La semaine dernière, nous avons vu un pas en avant pour les personnes trans aux États-Unis: la Cour suprême a décidé que la discrimination sur le lieu de travail en raison du sexe, qui était déjà illégale, couvrait également les personnes trans. Dans le même temps, ici au Royaume-Uni, nous avons pris une mesure rétrograde, proposant ce qui équivaut à un nouvel article 28 sur les questions trans. Comment en sommes-nous arrivés là et quelles sont les conséquences pour les socialistes?

La situation est due au fait que la proposition de moderniser la loi sur la reconnaissance du genre (2005) et de mettre à jour la terminologie de la loi sur l'égalité (2010) a été effectivement abandonnée par le gouvernement. Au lieu de cela, il propose d'appliquer la ségrégation sexuelle aux conseils locaux et de restreindre ce qu'ils et les médecins peuvent faire pour soutenir les personnes trans.

Les nouvelles réformes ont été proposées parce que la loi actuelle comprend des phrases qui sont désormais hors de propos, notamment des références à une «dysphorie mentale», à des «transsexuels» et à une «réaffectation». Ces phrases et diagnostics ont été supprimés par l'Organisation mondiale de la santé, sont en violation de la recommandation du Conseil de l'Europe sur les personnes trans et contre les principes de Yogyakarta des lois internationales sur les questions LGBT.

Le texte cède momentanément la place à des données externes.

lemma dominated_linear_graph_extension:
  assumes p: "sublinear p" and H: "dominated_linear_graph p H" and x1: "\<forall>a. (x1, a) \<notin> H"
    and c: "\<forall>(z, b)\<in>H. b - p (z - x1) \<le> c \<and> c \<le> p (z + x1) - b"
  shows "dominated_linear_graph p {(z + t *\<^sub>R x1, b + t * c) | z b t. (z, b) \<in> H}"
proof -
  define H' where "H' = {(z + t *\<^sub>R x1, b + t * c) | z b t. (z, b) \<in> H}"
  have mem: "(z + t *\<^sub>R x1, b + t * c) \<in> H'" if "(z, b) \<in> H" for z b t
    unfolding H'_def using that by blast
  show ?thesis
    unfolding H'_def[symmetric] dominated_linear_graph_def
  proof (intro conjI allI impI)
    show "(0, 0) \<in> H'" using H mem[of 0 0 0] unfolding dominated_linear_graph_def by simp
  next
    fix x a b assume "(x, a) \<in> H'" "(x, b) \<in> H'"
    then obtain z1 b1 t1 z2 b2 t2 where h: "(z1, b1) \<in> H" "(z2, b2) \<in> H"
      "x = z1 + t1 *\<^sub>R x1" "x = z2 + t2 *\<^sub>R x1" "a = b1 + t1 * c" "b = b2 + t2 * c"
      unfolding H'_def by blast
    then have "t1 = t2" using extension_coordinate_unique[OF H x1, of z1 b1 z2 b2 t1 t2] by simp
    with h have "b1 = b2" using H unfolding dominated_linear_graph_def by auto
    with h \<open>t1 = t2\<close> show "a = b" by simp
  next
    fix x a y b assume "(x, a) \<in> H'" "(y, b) \<in> H'"
    then obtain z1 b1 t1 z2 b2 t2 where h: "(z1, b1) \<in> H" "(z2, b2) \<in> H"
      "x = z1 + t1 *\<^sub>R x1" "y = z2 + t2 *\<^sub>R x1" "a = b1 + t1 * c" "b = b2 + t2 * c"
      unfolding H'_def by blast
    moreover have "(z1 + z2, b1 + b2) \<in> H" using H h(1,2) unfolding dominated_linear_graph_def by blast
    ultimately show "(x + y, a + b) \<in> H'"
      using mem[of "z1 + z2" "b1 + b2" "t1 + t2"] by (simp add: algebra_simps)
  next
    fix x a r assume "(x, a) \<in> H'"
    then obtain z b t where h: "(z, b) \<in> H" "x = z + t *\<^sub>R x1" "a = b + t * c"
      unfolding H'_def by blast
    moreover have "(r *\<^sub>R z, r * b) \<in> H" using H h(1) unfolding dominated_linear_graph_def by blast
    ultimately show "(r *\<^sub>R x, r * a) \<in> H'"
      using mem[of "r *\<^sub>R z" "r * b" "r * t"] by (simp add: algebra_simps)
  next
    fix x a assume "(x, a) \<in> H'"
    then show "a \<le> p x"
      unfolding H'_def using extension_dominated[OF p H c] by blast
  qed
qed

lemma dominated_linear_graph_extend:
  assumes p: "sublinear p" and H: "dominated_linear_graph p H" and x1: "\<forall>a. (x1, a) \<notin> H"
  shows "\<exists>H'. dominated_linear_graph p H' \<and> H \<subseteq> H' \<and> (\<exists>a. (x1, a) \<in> H')"
proof -
  obtain c where c: "\<forall>(z, b)\<in>H. b - p (z - x1) \<le> c \<and> c \<le> p (z + x1) - b"
    using extension_value_exists[OF p H] by blast
  let ?H' = "{(z + t *\<^sub>R x1, b + t * c) | z b t. (z, b) \<in> H}"
  have "H \<subseteq> ?H'" by (force intro: exI[of _ 0])
  moreover have "(x1, c) \<in> ?H'"
    using H unfolding dominated_linear_graph_def by (force intro: exI[of _ 1])
  ultimately show ?thesis using dominated_linear_graph_extension[OF p H x1 c] by blast
qed

theorem Hahn_Banach_sublinear:
  assumes p: "sublinear p" and x0: "x0 \<noteq> 0"
  shows "\<exists>f. linear f \<and> (\<forall>x. f x \<le> p x) \<and> f x0 = p x0"
proof -
  define A where "A = {H. dominated_linear_graph p H \<and> (x0, p x0) \<in> H}"
  have "\<exists>M\<in>A. \<forall>X\<in>A. M \<subseteq> X \<longrightarrow> X = M"
  proof (rule subset_Zorn_nonempty)
    have "(x0, p x0) \<in> range (\<lambda>t. (t *\<^sub>R x0, t * p x0))" by (rule range_eqI[of _ _ 1]) simp
    then show "A \<noteq> {}" unfolding A_def using dominated_linear_graph_line[OF p x0] by blast
  next
    fix C assume "C \<noteq> {}" "subset.chain A C"
    then show "\<Union>C \<in> A"
      using dominated_linear_graph_Union[of C p] unfolding A_def subset.chain_def by blast
  qed
  then obtain M where M: "dominated_linear_graph p M" "(x0, p x0) \<in> M"
    and maximal: "\<And>X. dominated_linear_graph p X \<Longrightarrow> M \<subseteq> X \<Longrightarrow> X = M"
    unfolding A_def by blast
  have total: "\<exists>a. (x, a) \<in> M" for x
    using dominated_linear_graph_extend[OF p M(1), of x] maximal by blast
  define f where "f x = (THE a. (x, a) \<in> M)" for x
  have f_eq: "f x = a" if "(x, a) \<in> M" for x a
    unfolding f_def using M(1) that by (auto simp: dominated_linear_graph_def)
  have graph: "(x, f x) \<in> M" for x
    using total f_eq by blast
  have "linear f"
  proof (rule linearI)
    show "f (x + y) = f x + f y" for x y
      using M(1) graph f_eq unfolding dominated_linear_graph_def by blast
    show "f (r *\<^sub>R x) = r *\<^sub>R f x" for r x
      using M(1) graph f_eq unfolding dominated_linear_graph_def by simp
  qed
  moreover have "f x \<le> p x" for x
    using M(1) graph unfolding dominated_linear_graph_def by blast
  ultimately show ?thesis using f_eq M(2) by blast
qed

section \<open>The continuous dual of a locally convex space\<close>

lemma tvs_continuous_on_scaleR_left:
  assumes "tvs_axioms TYPE('a::{real_vector,topological_space})"
  shows "continuous_on UNIV (\<lambda>c. c *\<^sub>R (x::'a))"
proof -
  have scale: "continuous_on UNIV (\<lambda>(c, x::'a). c *\<^sub>R x)"
    using assms unfolding tvs_axioms_def by blast
  have "continuous_on UNIV (\<lambda>c. (\<lambda>(c, x::'a). c *\<^sub>R x) (c, x))"
    by (rule continuous_on_compose2[OF scale]) (intro continuous_intros, simp)
  then show ?thesis by simp
qed

lemma tvs_continuous_on_affine:
  assumes "tvs_axioms TYPE('a::{real_vector,topological_space})"
  shows "continuous_on UNIV (\<lambda>y::'a. c *\<^sub>R (y - x))"
proof -
  have add: "continuous_on UNIV (\<lambda>(x::'a, y). x + y)"
    and scale: "continuous_on UNIV (\<lambda>(c, x::'a). c *\<^sub>R x)"
    using assms unfolding tvs_axioms_def by blast+
  have "continuous_on UNIV (\<lambda>y. (\<lambda>(x::'a, y). x + y) (y, - x))"
    by (rule continuous_on_compose2[OF add]) (intro continuous_intros, simp)
  then have translate: "continuous_on UNIV (\<lambda>y::'a. y - x)" by simp
  have "continuous_on UNIV (\<lambda>y. (\<lambda>(c, x::'a). c *\<^sub>R x) (c, y - x))"
    by (rule continuous_on_compose2[OF scale]) (intro continuous_intros translate, simp)
  then show ?thesis by simp
qed

lemma tvs_open_absorbing:
  assumes "tvs_axioms TYPE('a::{real_vector,topological_space})" and "open W" "0 \<in> W"
  shows "\<exists>t>0. inverse t *\<^sub>R (x::'a) \<in> W"
proof -
  have "open ((\<lambda>c. c *\<^sub>R x) -` W)"
    using open_vimage[OF \<open>open W\<close> tvs_continuous_on_scaleR_left[OF assms(1)]] .
  moreover have "0 \<in> (\<lambda>c. c *\<^sub>R x) -` W" using \<open>0 \<in> W\<close> by simp
  ultimately obtain d where "d > 0" "ball 0 d \<subseteq> (\<lambda>c. c *\<^sub>R x) -` W"
    using open_contains_ball by blast
  moreover have "d / 2 \<in> ball 0 d" using \<open>d > 0\<close> by simp
  ultimately have "(d / 2) *\<^sub>R x \<in> W" by blast
  then show ?thesis using \<open>d > 0\<close> by (intro exI[of _ "2 / d"]) simp
qed

definition minkowski_gauge :: "'a::real_vector set \<Rightarrow> 'a \<Rightarrow> real" where
  "minkowski_gauge W x = Inf {t. 0 < t \<and> inverse t *\<^sub>R x \<in> W}"

context
  fixes W :: "'a::real_vector set"
  assumes W_convex: "convex W" and W_zero: "0 \<in> W"
    and W_absorbing: "\<And>x. \<exists>t>0. inverse t *\<^sub>R x \<in> W"
begin

lemma minkowski_gauge_le: "0 < t \<Longrightarrow> inverse t *\<^sub>R x \<in> W \<Longrightarrow> minkowski_gauge W x \<le> t"
  unfolding minkowski_gauge_def by (rule cInf_lower) (auto intro: bdd_belowI[of _ 0])

lemma minkowski_gauge_nonneg: "0 \<le> minkowski_gauge W x"
  unfolding minkowski_gauge_def using W_absorbing[of x] by (intro cInf_greatest) auto

lemma minkowski_gauge_less_imp_mem:
  assumes "minkowski_gauge W x < s"
  shows "0 < s \<and> inverse s *\<^sub>R x \<in> W"
proof -
  obtain t where t: "0 < t" "inverse t *\<^sub>R x \<in> W" "t < s"
    using cInf_lessD[of "{t. 0 < t \<and> inverse t *\<^sub>R x \<in> W}" s] W_absorbing[of x] assms
    unfolding minkowski_gauge_def by auto
  then have "(t / s) *\<^sub>R (inverse t *\<^sub>R x) + (1 - t / s) *\<^sub>R 0 \<in> W"
    by (intro convexD[OF W_convex _ W_zero]) auto
  moreover have "(t / s) * inverse t = inverse s" using t by (simp add: field_simps)
  ultimately have "inverse s *\<^sub>R x \<in> W"
    by (simp only: scaleR_scaleR scaleR_zero_right add_0_right)
  then show ?thesis using t by simp
qed

lemma minkowski_gauge_le_1: "x \<in> W \<Longrightarrow> minkowski_gauge W x \<le> 1"
  using minkowski_gauge_le[of 1] by simp

lemma minkowski_gauge_ge_1: "x \<notin> W \<Longrightarrow> 1 \<le> minkowski_gauge W x"
  using minkowski_gauge_less_imp_mem[of x 1] by force

lemma minkowski_gauge_add: "minkowski_gauge W (x + y) \<le> minkowski_gauge W x + minkowski_gauge W y"
proof (rule field_le_epsilon)
  fix e :: real assume "0 < e"
  define s where "s = minkowski_gauge W x + e / 2"
  define t where "t = minkowski_gauge W y + e / 2"
  have s: "0 < s" "inverse s *\<^sub>R x \<in> W" and t: "0 < t" "inverse t *\<^sub>R y \<in> W"
    using minkowski_gauge_less_imp_mem minkowski_gauge_nonneg \<open>0 < e\<close>
    unfolding s_def t_def by (smt (verit) half_gt_zero)+
  have "(s / (s + t)) *\<^sub>R (inverse s *\<^sub>R x) + (t / (s + t)) *\<^sub>R (inverse t *\<^sub>R y) \<in> W"
    using s t by (intro convexD[OF W_convex]) (auto simp: add_divide_distrib[symmetric])
  also have "(s / (s + t)) *\<^sub>R (inverse s *\<^sub>R x) + (t / (s + t)) *\<^sub>R (inverse t *\<^sub>R y) =
      inverse (s + t) *\<^sub>R (x + y)"
    using s t by (simp add: field_simps scaleR_add_right)
  finally have "minkowski_gauge W (x + y) \<le> s + t"
    using s t by (intro minkowski_gauge_le) auto
  then show "minkowski_gauge W (x + y) \<le> minkowski_gauge W x + minkowski_gauge W y + e"
    unfolding s_def t_def by simp
qed

lemma minkowski_gauge_scale_le:
  assumes "0 < c"
  shows "minkowski_gauge W (c *\<^sub>R x) \<le> c * minkowski_gauge W x"
proof (rule field_le_epsilon)
  fix e :: real assume "0 < e"
  define s where "s = minkowski_gauge W x + e / c"
  have s: "0 < s" "inverse s *\<^sub>R x \<in> W"
    using minkowski_gauge_less_imp_mem minkowski_gauge_nonneg \<open>0 < e\<close> assms
    unfolding s_def by (smt (verit) divide_pos_pos)+
  moreover have "inverse (c * s) * c = inverse s" using assms by (simp add: field_simps)
  ultimately have "inverse (c * s) *\<^sub>R (c *\<^sub>R x) \<in> W"
    by (simp only: scaleR_scaleR)
  then have "minkowski_gauge W (c *\<^sub>R x) \<le> c * s"
    using minkowski_gauge_le[of "c * s"] assms s(1) by simp
  moreover have "c * s = c * minkowski_gauge W x + e"
    using assms unfolding s_def by (simp add: distrib_left)
  ultimately show "minkowski_gauge W (c *\<^sub>R x) \<le> c * minkowski_gauge W x + e"
    by linarith
qed

lemma sublinear_minkowski_gauge: "sublinear (minkowski_gauge W)"
  unfolding sublinear_def
proof (intro conjI allI impI minkowski_gauge_add)
  fix c :: real and x assume "0 < c"
  have "c * minkowski_gauge W x = c * minkowski_gauge W (inverse c *\<^sub>R (c *\<^sub>R x))"
    using \<open>0 < c\<close> by simp
  also have "\<dots> \<le> minkowski_gauge W (c *\<^sub>R x)"
    using minkowski_gauge_scale_le[of "inverse c" "c *\<^sub>R x"] \<open>0 < c\<close> by (simp add: field_simps)
  finally show "minkowski_gauge W (c *\<^sub>R x) = c * minkowski_gauge W x"
    using minkowski_gauge_scale_le[OF \<open>0 < c\<close>, of x] by linarith
qed

end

Ainsi, quelques changements mineurs dans le libellé et l'application de la loi étaient nécessaires, mais en substance aucun changement juridique majeur n'a été proposé. Mais comment ces changements techniques ont-ils explosé dans les premières pages de la presse à gouttières et produit un autre chapitre dans une guerre culturelle de longue durée?

Pour de nombreux conservateurs sociaux, à gauche comme à droite sur le plan économique, il y avait une haine des changements de 2005 et du fait que la «réaffectation sexuelle» et les «transsexuels» étaient protégés contre la discrimination. Bien sûr, l'opposition aux changements de 2005 et aux protections de 2010 n'existe pas dans la société en grand nombre.

La dernière enquête britannique sur les attitudes sociales montre que le public ne prend pas de position transphobe. 83% disent ne pas avoir de préjugés du tout envers les personnes transgenres tandis que 72% des femmes disent qu'elles sont «très» ou «assez à l'aise» de partager les toilettes avec une femme trans.

Tout comme la droite religieuse la semaine dernière au Parlement a perdu les arguments sur l'avortement en Irlande du Nord ou le divorce sans faute, une réforme solide de la législation sur la reconnaissance du genre qui consacre les droits des personnes trans serait un autre clou dans le cercueil du conservatisme social. Ils le savaient trop bien.

Alors, quand en 2015, un comité des femmes et des égalités aux yeux larges a lancé une enquête sur les questions trans, la droite a vu une occasion de bondir. Le rapport ne recommandait que des changements modestes pour abolir le régime d'évaluation psychiatrique intrusive qui nécessite une approbation de deux médecins et le remplacer à la place par un système de soutien et de déclaration communautaire, comme demandé par l'Organisation mondiale de la santé.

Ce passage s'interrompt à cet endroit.